Woodruff School of Mechanical Engineering

Mechanical Engineering Seminar


Near-field radiative transfer devices and extreme near-field heat transfer


Dr. Mathieu Francoeur


Radiative Energy Transfer Lab, Department of Mechanical Engineering, University of Utah, Salt Lake City, UT 84112, USA


Friday, September 7, 2018 at 11:00:00 AM


MRDC Building, Room 4211


Dr. Zhuomin Zhang
(404) 385-4225


Using fluctuational electrodynamics, it was predicted more than four decades ago that radiative heat transfer between planar surfaces separated by a vacuum gap smaller than the thermal wavelength exceeds the blackbody limit due to tunneling of evanescent modes. This finding has led to the conceptualization of systems capitalizing on evanescent modes, such as thermophotovoltaic converters and thermal rectifiers. Their development is, however, limited by the lack of devices enabling radiative transfer between macroscale planar surfaces separated by a nanosize vacuum gap. In the first part of this talk, fabrication and characterization of near-field radiative transfer devices made of millimeter-size planar surfaces of silicon and silicon carbide with fixed and tunable nanosize gaps are discussed. It is shown that these devices can lead to radiation heat transfer exceeding the blackbody limit by approximately one order of magnitude. In the second part of the talk, heat transfer in the extreme near-field regime (i.e., sub-10-nm vacuum gap distance) is briefly presented. Recent experimental results, combined with atomistic Green’s function simulations, demonstrating the inapplicability of fluctuational electrodynamics and the radiation-conduction transition in the extreme near field are reviewed.

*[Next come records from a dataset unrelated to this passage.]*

lemma level_last_tree_path: "p \<in> tree_paths (Suc n) \<Longrightarrow> fst (last p) = n"
  using tree_paths_nth[of p "Suc n" n] by (auto simp: last_conv_nth tree_paths_iff)

lemma snoc_in_tree_paths_iff:
  assumes "p \<noteq> []"
  shows "p @ [u] \<in> tree_paths (Suc m) \<longleftrightarrow>
    p \<in> tree_paths m \<and> (\<exists>s\<in>{0, 1}. u = tree_child (last p) s)"
proof (cases "length p = m")
  case True
  then obtain n where m: "m = Suc n" and "last p = p ! n"
    using assms by (cases m) (auto simp: last_conv_nth)
  moreover have "(\<forall>k. k + 1 < Suc m \<longrightarrow> P k) \<longleftrightarrow> (\<forall>k. k + 1 < m \<longrightarrow> P k) \<and> P n" for P
    using m by (auto simp: less_Suc_eq)
  ultimately show ?thesis
    using True assms by (simp add: tree_paths_iff nth_append cong: imp_cong)
qed (simp add: tree_paths_iff)

lemma tree_paths_zero: "tree_paths 0 = {}"
  by (auto simp: tree_paths_iff)

lemma tree_paths_one: "tree_paths (Suc 0) = {[(0, 0)]}"
  by (auto simp: tree_paths_iff length_Suc_conv)

lemma tree_paths_Suc_Suc:
  "tree_paths (Suc (Suc n)) = (\<lambda>(p, s). path_extend p s) ` (tree_paths (Suc n) \<times> {0, 1})"
proof (intro equalityI subsetI)
  fix q assume q: "q \<in> tree_paths (Suc (Suc n))"
  then have "butlast q \<noteq> []" and q_eq: "q = butlast q @ [last q]"
    by (auto simp: tree_paths_iff length_Suc_conv)
  with q obtain s where "butlast q \<in> tree_paths (Suc n)" "s \<in> {0, 1}"
      "last q = tree_child (last (butlast q)) s"
    by (metis snoc_in_tree_paths_iff)
  then show "q \<in> (\<lambda>(p, s). path_extend p s) ` (tree_paths (Suc n) \<times> {0, 1})"
    using q_eq by (force simp: path_extend_def)
next
  fix q assume "q \<in> (\<lambda>(p, s). path_extend p s) ` (tree_paths (Suc n) \<times> {0, 1})"
  then obtain p s where "p \<in> tree_paths (Suc n)" "s \<in> {0, 1}" "q = path_extend p s"
    by auto
  moreover from this(1) have "p \<noteq> []"
    by (simp add: tree_paths_iff)
  ultimately show "q \<in> tree_paths (Suc (Suc n))"
    by (auto simp: path_extend_def snoc_in_tree_paths_iff)
qed

lemma inj_on_path_extend: "inj_on (\<lambda>(p, s). path_extend p s) (A \<times> {0, 1})"
  by (auto intro!: inj_onI simp: path_extend_def tree_child_eq_iff)

lemma finite_tree_paths: "finite (tree_paths m)"
proof (cases m)
  case 0
  then show ?thesis by (simp add: tree_paths_zero)
next
  case (Suc n)
  then show ?thesis
    by (induction n arbitrary: m) (simp_all add: tree_paths_one tree_paths_Suc_Suc)
qed

lemma card_tree_paths: "card (tree_paths (Suc n)) = 2 ^ n"
proof (induction n)
  case 0
  then show ?case by (simp add: tree_paths_one)
next
  case (Suc n)
  have "card (tree_paths (Suc (Suc n))) = card (tree_paths (Suc n) \<times> {0::nat, 1})"
    unfolding tree_paths_Suc_Suc by (rule card_image[OF inj_on_path_extend])
  with Suc.IH show ?case by (simp add: card_cartesian_product)
qed

lemma tree_path_eqI_last:
  assumes "p \<in> tree_paths m" and "q \<in> tree_paths m" and "last p = last q"
  shows "p = q"
proof (cases m)
  case 0
  then show ?thesis using assms by (simp add: tree_paths_iff)
next
  case (Suc n)
  then show ?thesis using assms
  proof (induction n arbitrary: m p q)
    case 0
    then show ?case by (simp add: tree_paths_one)
  next
    case (Suc n)
    obtain p' s q' t where "p' \<in> tree_paths (Suc n)" "q' \<in> tree_paths (Suc n)" "s \<in> {0, 1}"
      "t \<in> {0, 1}" "p = path_extend p' s" "q = path_extend q' t"
      using Suc.prems by (auto simp: tree_paths_Suc_Suc)
    with Suc.IH Suc.prems(4) show ?case
      by (auto simp: path_extend_def tree_child_eq_iff)
  qed
qed

lemma card_Int_path_extend:
  assumes p: "p \<in> tree_paths (Suc n)" and q: "q \<in> tree_paths (Suc n)"
    and "s \<in> {0, 1}" and "t \<in> {0, 1}"
  shows "card (set (path_extend p s) \<inter> set (path_extend q t)) =
    card (set p \<inter> set q) + of_bool (p = q \<and> s = t)"
proof -
  define u w where "u = tree_child (last p) s" and "w = tree_child (last q) t"
  have "fst u = Suc n" and "fst w = Suc n"
    using level_last_tree_path[OF p] level_last_tree_path[OF q]
    by (simp_all add: u_def w_def tree_child_def)
  then have new: "u \<notin> set p" "u \<notin> set q" "w \<notin> set p"
    using tree_path_vertex_bounds[OF p] tree_path_vertex_bounds[OF q] by (metis less_irrefl)+
  have "u = w \<longleftrightarrow> p = q \<and> s = t"
    using assms tree_path_eqI_last[OF p q] by (auto simp: u_def w_def tree_child_eq_iff)
  then show ?thesis
    using new by (cases "u = w") (auto simp: path_extend_def u_def[symmetric] w_def[symmetric]
      Int_insert_left Int_insert_right)
qed

section \<open>Overlap sums\<close>

definition path_overlap_sum :: "real \<Rightarrow> nat \<Rightarrow> real" where
  "path_overlap_sum a m = (\<Sum>p\<in>tree_paths m. \<Sum>q\<in>tree_paths m. a ^ card (set p \<inter> set q))"

lemma path_overlap_sum_Suc_Suc:
  "path_overlap_sum a (Suc (Suc n)) / 4 ^ Suc n =
    path_overlap_sum a (Suc n) / 4 ^ n + (a - 1) * (a / 2) ^ Suc n"
proof -
  let ?P = "tree_paths (Suc n)" and ?B = "{0::nat, 1}"
  let ?ov = "\<lambda>p q. a ^ card (set p \<inter> set q)"
  have "path_overlap_sum a (Suc (Suc n)) =
      (\<Sum>(p, s)\<in>?P \<times> ?B. \<Sum>(q, t)\<in>?P \<times> ?B. ?ov (path_extend p s) (path_extend q t))"
    unfolding path_overlap_sum_def tree_paths_Suc_Suc sum.reindex[OF inj_on_path_extend]
    by (simp add: case_prod_unfold)
  also have "\<dots> = (\<Sum>p\<in>?P. \<Sum>s\<in>?B. \<Sum>q\<in>?P. \<Sum>t\<in>?B. ?ov p q * a ^ of_bool (p = q \<and> s = t))"
    by (simp add: sum.cartesian_product' card_Int_path_extend power_add)
  also have "\<dots> = (\<Sum>p\<in>?P. \<Sum>q\<in>?P. ?ov p q * (\<Sum>s\<in>?B. \<Sum>t\<in>?B. a ^ of_bool (p = q \<and> s = t)))"
    by (intro sum.cong refl, subst sum.swap) (simp only: sum_distrib_left)
  also have "\<dots> = (\<Sum>p\<in>?P. \<Sum>q\<in>?P. 4 * ?ov p q + (if p = q then ?ov p q * (2 * a - 2) else 0))"
    by (intro sum.cong refl) (auto simp: algebra_simps)
  also have "\<dots> = 4 * path_overlap_sum a (Suc n) + (\<Sum>p\<in>?P. ?ov p p * (2 * a - 2))"
    by (simp add: path_overlap_sum_def sum.distrib sum_distrib_left finite_tree_paths)
  also have "\<dots> = 4 * path_overlap_sum a (Suc n) + 2 ^ n * a ^ Suc n * (2 * a - 2)"
    by (simp add: card_set_tree_path card_tree_paths)
  also have "2 ^ n * a ^ Suc n * (2 * a - 2) = 4 ^ Suc n * ((a - 1) * (a / 2) ^ Suc n)"
  proof -
    have "(4::real) ^ Suc n = 2 ^ Suc n * 2 ^ Suc n"
      by (simp flip: power_mult_distrib)
    then show ?thesis by (simp add: power_divide)
  qed
  finally show ?thesis by (simp add: field_simps)
qed

lemma path_overlap_sum_eq:
  "path_overlap_sum a (Suc n) / 4 ^ n = 1 + (a - 1) * (\<Sum>k<Suc n. (a / 2) ^ k)"
proof (induction n)
  case 0
  show ?case by (simp add: path_overlap_sum_def tree_paths_one)
next
  case (Suc n)
  show ?case
    unfolding path_overlap_sum_Suc_Suc Suc.IH by (simp add: distrib_left)
qed

section \<open>Moments of the likelihood ratio\<close>

lemma sum_add_sum_eq_sum_Un:
  fixes f :: "'a \<Rightarrow> 'b::comm_semiring_1"
  assumes "finite A" and "finite B"
  shows "sum f A + sum f B = (\<Sum>v\<in>A \<union> B. (of_bool (v \<in> A) + of_bool (v \<in> B)) * f v)"
  using assms by (simp add: distrib_right sum.distrib)

lemma sum_Un_of_bool_add_square:
  assumes "finite A" and "finite B"
  shows "(\<Sum>v\<in>A \<union> B. (of_bool (v \<in> A) + of_bool (v \<in> B))\<^sup>2) =
    (of_nat (card A + card B + 2 * card (A \<inter> B)) :: 'b::comm_semiring_1)"
proof -
  have "(\<Sum>v\<in>A \<union> B. (of_bool (v \<in> A) + of_bool (v \<in> B))\<^sup>2) =
      (\<Sum>v\<in>A. of_bool (v \<in> A) + of_bool (v \<in> B)) + (\<Sum>v\<in>B. of_bool (v \<in> A) + of_bool (v \<in> B) :: 'b)"
    unfolding power2_eq_square by (rule sum_add_sum_eq_sum_Un[OF assms, symmetric])
  also have "\<dots> = of_nat (card A + card B + 2 * card (A \<inter> B))"
    using assms by (simp add: sum.distrib Int_commute mult_2 ac_simps)
  finally show ?thesis .
qed

lemma std_normal_density_mult_exp:
  "std_normal_density x * exp (t * x) = exp (t\<^sup>2 / 2) * normal_density t 1 x"
proof -
  have "exp (- x\<^sup>2 / 2) * exp (t * x) = exp (t\<^sup>2 / 2) * exp (- (x - t)\<^sup>2 / 2)"
    by (simp add: mult_exp_exp power2_eq_square field_simps)
  then show ?thesis by (simp add: std_normal_density_def normal_density_def)
qed

lemma (in prob_space) std_normal_mgf:
  assumes "distributed M lborel Y std_normal_density"
  shows "integrable M (\<lambda>\<omega>. exp (t * Y \<omega>))"
    and "expectation (\<lambda>\<omega>. exp (t * Y \<omega>)) = exp (t\<^sup>2 / 2)"
proof -
  have exp_measurable: "(\<lambda>x. exp (t * x)) \<in> borel_measurable lborel" by measurable
  show "integrable M (\<lambda>\<omega>. exp (t * Y \<omega>))"
    using distributed_integrable[OF assms exp_measurable] by (simp add: std_normal_density_mult_exp)
  show "expectation (\<lambda>\<omega>. exp (t * Y \<omega>)) = exp (t\<^sup>2 / 2)"
    using distributed_integral[OF assms exp_measurable] by (simp add: std_normal_density_mult_exp)
qed

lemma (in prob_space) indep_std_normal_mgf:
  assumes indep: "indep_vars (\<lambda>_. borel) X I"
    and std_normal: "\<forall>v\<in>I. distributed M lborel (X v) std_normal_density"
    and S: "finite S" "S \<subseteq> I"
  shows "integrable M (\<lambda>\<omega>. exp (\<Sum>v\<in>S. c v * X v \<omega>))"
    and "expectation (\<lambda>\<omega>. exp (\<Sum>v\<in>S. c v * X v \<omega>)) = exp (\<Sum>v\<in>S. (c v)\<^sup>2 / 2)"
proof -
  have exp_sum: "exp (\<Sum>v\<in>S. g v) = (\<Prod>v\<in>S. exp (g v))" for g :: "_ \<Rightarrow> real"
    using S(1) by (rule exp_sum)
  have indep_exp: "indep_vars (\<lambda>_. borel) (\<lambda>v \<omega>. exp (c v * X v \<omega>)) S"
    using indep_vars_compose2[OF indep_vars_subset[OF indep S(2)], of "\<lambda>v x. exp (c v * x)"]
    by simp
  have factor: "integrable M (\<lambda>\<omega>. exp (c v * X v \<omega>))"
    "expectation (\<lambda>\<omega>. exp (c v * X v \<omega>)) = exp ((c v)\<^sup>2 / 2)" if "v \<in> S" for v
    using std_normal_mgf std_normal that S(2) by blast+
  show "integrable M (\<lambda>\<omega>. exp (\<Sum>v\<in>S. c v * X v \<omega>))"
    unfolding exp_sum by (rule indep_vars_integrable[OF S(1) indep_exp factor(1)])
  have "expectation (\<lambda>\<omega>. \<Prod>v\<in>S. exp (c v * X v \<omega>)) =
      (\<Prod>v\<in>S. expectation (\<lambda>\<omega>. exp (c v * X v \<omega>)))"
    by (rule indep_vars_lebesgue_integral[OF S(1) indep_exp factor(1)])
  also have "\<dots> = (\<Prod>v\<in>S. exp ((c v)\<^sup>2 / 2))"
    by (rule prod.cong) (simp_all add: factor(2))
  finally show "expectation (\<lambda>\<omega>. exp (\<Sum>v\<in>S. c v * X v \<omega>)) = exp (\<Sum>v\<in>S. (c v)\<^sup>2 / 2)"
    unfolding exp_sum .
qed

definition path_weight ::
    "real \<Rightarrow> nat \<Rightarrow> (nat \<times> nat \<Rightarrow> 'a \<Rightarrow> real) \<Rightarrow> (nat \<times> nat) list \<Rightarrow> 'a \<Rightarrow> real" where
  "path_weight \<mu> m X p \<omega> = exp (\<mu> * path_sum X p \<omega> - real m * \<mu>\<^sup>2 / 2)"

context prob_space
begin

context
  fixes X :: "nat \<times> nat \<Rightarrow> 'a \<Rightarrow> real"
  assumes indep: "indep_vars (\<lambda>_. borel) X tree_V_all"
    and std_normal: "\<forall>v\<in>tree_V_all. distributed M lborel (X v) std_normal_density"
begin

lemma expectation_path_weight:
  assumes p: "p \<in> tree_paths m"
  shows "integrable M (path_weight \<mu> m X p)" and "expectation (path_weight \<mu> m X p) = 1"
proof -
  have weight: "path_weight \<mu> m X p =
      (\<lambda>\<omega>. exp (- (real m * \<mu>\<^sup>2 / 2)) * exp (\<Sum>v\<in>set p. \<mu> * X v \<omega>))"
    by (simp add: fun_eq_iff path_weight_def path_sum_def sum_distrib_left flip: exp_add)
  note mgf = indep_std_normal_mgf[OF indep std_normal finite_set tree_path_subset[OF p], of "\<lambda>_. \<mu>"]
  show "integrable M (path_weight \<mu> m X p)"
    unfolding weight using mgf(1) by simp
  show "expectation (path_weight \<mu> m X p) = 1"
    unfolding weight using mgf(2) by (simp add: card_set_tree_path[OF p] exp_minus)
qed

Mathieu Francoeur is an Associate Professor and the Associate Chair of the Department of Mechanical Engineering at the University of Utah. He received his B.Eng. and M.Sc. degrees in Mechanical Engineering from Université Laval in 2002 and 2004, respectively, and he obtained his Ph.D. from the University of Kentucky in 2010. He was awarded the NSF CAREER Award in 2013 and the Army Research Office Young Investigator Award in 2014. His expertise is in thermal radiation, and his current research focuses on near-field radiative transfer devices, extreme near-field heat transfer, thermophotovoltaic power generation, radiative property control, and near-field radiation simulations in complex three-dimensional geometries. He has produced more than 130 publications, including 43 journal papers and 3 book chapters.


Refreshments will be served.